Antes de embarcar testemunhas oculares pego odom “batendo para baixo cerveja e uísque”, no delta lounge no Aeroporto Internacional de Los Angeles. Fontes de acrescentar que ele “desperdiçado” quando ele entrou no avião e sentou-se, TMZ relatou. O drama continuou quando odom, alegadamente, levantou do seu assento e “dispararam na frente” do avião porque ele estava prestes a retirada do portão. Mudou-se para lançar na cozinha, em seguida, novamente na casa de banho enquanto as portas ainda estavam abertas. Odom supostamente estava vomitando suas roupas como ele saiu da casa de banho.

Odom foi escoltado do avião, voltar novamente após cerca de 10 minutos. Pouco depois de seu retorno para o seu lugar, fontes afirmam odom correu para o banheiro e use o “chefes do povo em seus lugares para constante o seu equilíbrio”, relatou o TMZ. Odom, em seguida, removidos permanentemente do avião.

Este é apenas o mais recente em uma série de inquietantes eventos que tenham ocorrido desde que odom encontrado inconsciente a partir de uma aparente overdose em um bordel em Nevada, em outubro de 2015. No mês passado, os amigos e a família enfrentou, devido ao risco de que a droga é usada novamente. Durante o confronto, eles supostamente encontrado parafernália de droga em sua casa. Também este ano, odom foi preso a polícia em duas ocasiões separadas. O efeito combinado de que sua esposa khloe Kardashian para arquivar para o divórcio para o segundo tempo.

“É muito triste para Chloe para ver Lamar em um lugar que não é saudável. O cuidado muito sobre, mas é o único que pode fazer um monte”, ela disse interesses do povo, do Conselho, em 13 de julho de 2016. “Não está tudo certo”, acrescentou outra fonte. “São frustrante, porque eles sabem que não há nada que você pode fazer.”

Na esteira do odom avião drama raiva deslize Kardashian via Twitter sobre não ser capaz de ajudar o seu marido.

“Ficar na f****** Lin uma menina,” Kardashian respondeu. “Você não sabe nada sobre nada. Vocês são as ovelhas conduzidas pela comunidade”.

Olá e bem-vindo ao Flushing Meadows-NOS a Abrir as mulheres da final entre Serena Williams e Naomi Osaka. Há um monte de linha no Arthur Ashe Stadium hoje. Williams, nº 17, semente, está em busca de seu sexto título do Aberto dos EUA e amarrar o registro de 24 de Grand Slam no campeonato equivalente a Margaret tribunal de relação, enquanto Osaka, o Nenhum de sementes de 20, tornando-se o primeiro jogador Japonês, masculino ou feminino, para capturar um dos principais singles de título.
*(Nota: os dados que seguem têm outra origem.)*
lemma local_proj_approx: assumes V: "is_uhf V" and e: "e > 0"
  shows "\<exists>J0. \<forall>J\<ge>J0. anorm (adiff V (local_proj J V)) \<le> e"
proof -
  obtain N where N: "\<And>n m. N \<le> n \<Longrightarrow> n \<le> m \<Longrightarrow> opnorm (2^m) (mdiff (V m) (emb n (V n))) < e/2"
    using V e unfolding is_uhf_def by (meson half_gt_zero)
  show ?thesis
  proof (intro exI allI impI)
    fix J assume J: "N \<le> J"
    have "anorm (adiff V (local_proj J V)) \<le> 0 * anorm V + e"
    proof (rule anorm_le_eventually[OF is_uhf_adiff[OF V is_uhf_local_proj[OF V]] V])
      fix m assume m: "J \<le> m"
      define W where "W = mdiff (V m) (emb J (V J))"
      have "adiff V (local_proj J V) m = mdiff W (schur (local_mask J) W)"
      proof -
        have "schur (local_mask J) W = mdiff (schur (local_mask J) (V m)) (emb J (V J))"
          unfolding W_def using local_mask_emb[of J "V J"] unfolding schur_def mdiff_def
          by (auto simp: fun_eq_iff algebra_simps)
        thus ?thesis unfolding adiff_def local_proj_def W_def mdiff_def by (auto simp: fun_eq_iff)
      qed
      hence "opnorm (2^m) (adiff V (local_proj J V) m) \<le> opnorm (2^m) W + opnorm (2^m) (schur (local_mask J) W)"
        by (simp add: opnorm_mdiff_le)
      also have "\<dots> \<le> opnorm (2^m) W + opnorm (2^m) W" using opnorm_local_mask_le by simp
      also have "\<dots> < e" using N[OF J m] unfolding W_def by simp
      finally show "opnorm (2^m) (adiff V (local_proj J V) m) \<le> 0 * opnorm (2^m) (V m) + e" by simp
    qed
    thus "anorm (adiff V (local_proj J V)) \<le> e" by simp
  qed
qed

lemma anorm_le_by_local_proj: assumes V: "is_uhf V" and h: "\<And>J. J1 \<le> J \<Longrightarrow> anorm V \<le> B + anorm (adiff V (local_proj J V))"
  shows "anorm V \<le> B"
proof (rule field_le_epsilon)
  fix e :: real assume e: "e > 0"
  obtain J0 where J0: "\<And>J. J0 \<le> J \<Longrightarrow> anorm (adiff V (local_proj J V)) \<le> e" using local_proj_approx[OF V e] by blast
  show "anorm V \<le> B + e" using h[of "max J0 J1"] J0[of "max J0 J1"] by simp
qed

section \<open>The generator on a sector\<close>

definition diff_quotient :: "(nat \<Rightarrow> real) \<Rightarrow> real \<Rightarrow> (nat \<Rightarrow> mat) \<Rightarrow> (nat \<Rightarrow> mat)" where
  "diff_quotient lam t X = ascale (complex_of_real (1/t)) (adiff (alpha lam t X) X)"

definition exp_quotient :: "real \<Rightarrow> real \<Rightarrow> complex" where
  "exp_quotient W t = complex_of_real (1/t) * (exp (\<i> * complex_of_real (t * W)) - 1)"

lemma is_gen_iff: "is_gen lam X Y \<longleftrightarrow>
    is_uhf X \<and> is_uhf Y \<and> ((\<lambda>t. anorm (adiff (diff_quotient lam t X) Y)) \<longlongrightarrow> 0) (at 0)"
  unfolding is_gen_def diff_quotient_def ..

lemma is_uhf_diff_quotient: "is_uhf X \<Longrightarrow> is_uhf (diff_quotient lam t X)"
  unfolding diff_quotient_def by (intro is_uhf_ascale is_uhf_adiff is_uhf_alpha)

lemma tendsto_exp_quotient: "((\<lambda>t. cmod (exp_quotient W t - \<i> * complex_of_real W)) \<longlongrightarrow> 0) (at 0)"
proof -
  define c where "c = \<i> * complex_of_real W"
  define F where "F z = exp (c * z)" for z :: complex
  have "(F has_field_derivative c) (at 0)"
    unfolding F_def by (auto intro!: derivative_eq_intros)
  hence g: "((\<lambda>h. (F (0 + h) - F 0) / h) \<longlongrightarrow> c) (at 0)" by (simp add: DERIV_def)
  have f: "(complex_of_real \<longlongrightarrow> 0) (at (0::real))"
    by (rule tendsto_eq_intros) (auto intro: tendsto_ident_at)
  have "eventually (\<lambda>w. complex_of_real w = 0 \<longrightarrow> (F (0 + 0) - F 0) / 0 = c) (at (0::real))"
    unfolding eventually_at_filter by simp
  from tendsto_compose_at[OF f g this]
  have "(((\<lambda>h. (F (0 + h) - F 0) / h) \<circ> complex_of_real) \<longlongrightarrow> c) (at 0)" .
  moreover have "(\<lambda>h. (F (0 + h) - F 0) / h) \<circ> complex_of_real = exp_quotient W"
    unfolding F_def c_def comp_def exp_quotient_def by (intro ext) (simp add: divide_inverse ac_simps)
  ultimately have "(exp_quotient W \<longlongrightarrow> c) (at 0)" by simp
  hence "((\<lambda>t. exp_quotient W t - c) \<longlongrightarrow> 0) (at 0)" by (simp add: LIM_zero)
  thus ?thesis unfolding c_def by (rule tendsto_norm_zero)
qed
Será apenas a quarta vez na era open, em que um jogador cabeça de chave Nº 10 ou mais, você vai ganhar o Aberto da US, o título depois de wild card Kim clijsters (em 2009), Flavia pennetta (2015) não propagada Sloane Stephens (em 2017).

Williams, 36, pode quebrar o seu recorde no Aberto da Austrália no ano passado como o jogador mais velho a conquistar um título de Grand Slam, enquanto Osaka, 20 anos, é a mais jovem mulher a chegar à final do US Open desde Caroline wozniacki em 2009. Diferença de idade (16 anos, 20 dias) é a segunda maior entre final de Grand Slam na era open, depois de 1991, a final do US Open entre Monica seles e Martina navratilova, que tinha 17 anos, 45 dias de intervalo.
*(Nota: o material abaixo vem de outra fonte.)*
(* Let $u:[0,\infty)\to\mathbb R$ be continuous and let $(x_1,x_2)$ be a solution of the age-structured predator–prey system $$\partial_t x_1+\partial_a x_1=-x_1\Big[\mu_1(a)+u(t)+\int_0^A g_1(\alpha)x_2(\alpha,t)d\alpha\Big],\quad \partial_t x_2+\partial_a x_2=-x_2\Big[\mu_2(a)+u(t)+\frac{1}{\int_0^A g_2(\alpha)x_1(\alpha,t)d\alpha}\Big],$$ $x_i(0,t)=\int_0^A k_i(a)x_i(a,t)da$, with $x_i(\cdot,t)\in\mathcal F_i$ for all $t\ge0$ and initial data $x_i(\cdot,0)=x_{i,0}\in\mathcal F_i$. Define $\eta_i(t)=\ln\Pi_i[x_i(\cdot,t)]$. Then there are functions $\psi_i:[-A,\infty)\to(-1,\infty)$ such that $$\psi_i(t-a)=\frac{x_i(a,t)}{x_i^*(a)\,\Pi_i[x_i(\cdot,t)]}-1\quad\text{for all }t\ge0,\ a\in[0,A],$$ so that $x_i(a,t)=x_i^*(a)e^{\eta_i(t)}(1+\psi_i(t-a))$, and $(\eta,\psi)$ satisfy $$\dot\eta_1(t)=\zeta_1-u(t)-e^{\eta_2(t)}\int_0^A g_1(a)x_2^*(a)(1+\psi_2(t-a))\,da,$$ $$\dot\eta_2(t)=\zeta_2-u(t)-\frac{e^{-\eta_1(t)}}{\int_0^A g_2(a)x_1^*(a)(1+\psi_1(t-a))\,da},$$ $$\psi_i(t)=\int_0^A\tilde k_i(a)\psi_i(t-a)\,da\quad(t\ge0),$$ with $\eta_i(0)=\ln\Pi_i[x_{i,0}]$ and $\psi_i(-a)=\frac{x_{i,0}(a)}{x_i^*(a)\Pi_i[x_{i,0}]}-1$ for $a\in[0,A]$.
   Context: $A>0$; for $i=1,2$, $\mu_i,k_i,g_i:[0,A]\to[0,\infty)$ are (piecewise continuous) with positive integrals over $[0,A]$. $\zeta_i\in\mathbb R$ is the unique real number with $\int_0^A k_i(a)e^{-\int_0^a(\mu_i(s)+\zeta_i)ds}da=1$, and $\tilde k_i(a)=k_i(a)e^{-\int_0^a(\mu_i(s)+\zeta_i)ds}$. $x_i^*(a)=x_i^*(0)e^{-\int_0^a(\zeta_i+\mu_i(s))ds}$ with some constant $x_i^*(0)>0$ (the equilibrium profiles). $\mathcal F_i$ is the set of functions $\xi\in PC^1([0,A];(0,\infty))$ with $\xi(0)=\int_0^A k_i(a)\xi(a)da$, where $PC^1$ denotes continuous functions that are continuously differentiable except at finitely many points where one-sided limits of the derivative exist and are finite. The functionals are $\Pi_i[\xi]=\frac{\int_0^A\pi_{0,i}(a)\xi(a)da}{\int_0^A a\,k_i(a)x_i^*(a)da}$ with $\pi_{0,i}(a)=\int_a^A k_i(s)e^{\int_s^a(\zeta_i+\mu_i(l))dl}ds$. *)

theory Defs
  imports "HOL-Analysis.Analysis"
begin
Os jogadores são cerca de meia hora de distância de entrar na quadra para o aquecimento. Muito mais no futuro do Rainhas!

A trajetória do cantor inglês Norma Winstone, que é hoje, com 76 anos de idade, é a prova de que é possível manter um alto padrão de critérios artísticos por longos períodos de tempo e ainda viver decentemente. Algo impossível para a maioria dos músicos de qualquer gênero, que pode até mesmo chegar a picos de criatividade louvável, mas deslizamento de obviedades comércio em um ou vários momentos de suas vidas profissionais. Sua mais recente gravação, o CD-Descansou, por exemplo, sai de centenas de incursões de oportunistas no universo dos temas que as trilhas sonoras do filme inocularam no inconsciente coletivo do planeta.

Então, o que seria apenas mais um tributo que se transforma em uma reinvenção de melodias tão bem conhecido, por vezes, por meio de versos instigante, como proposto pela Norma em si, agora através de arranjos refinados, a ponto de soar como música de câmara. Em muitas entrevistas, a Norma diz que ele ama “as palavras, mas eu ouço a voz como o som”. Isto é, como um dos timbres que realizada com o outro. É o seu quarto de gravação em uma década de vida com duas notáveis parceiros músicos: o alemão Klaus em Düsseldorf Gesing, 50 anos, tão bom no clarinete e clarinete baixo e o sax soprano; e o italiano Udine, Glauco Venier, de 55 anos, econômico e preciso pianista. O acima são Distâncias (2008), Histórias Ainda Para Dizer (2010) – Dança Sem Resposta (2014), sempre pela ECM.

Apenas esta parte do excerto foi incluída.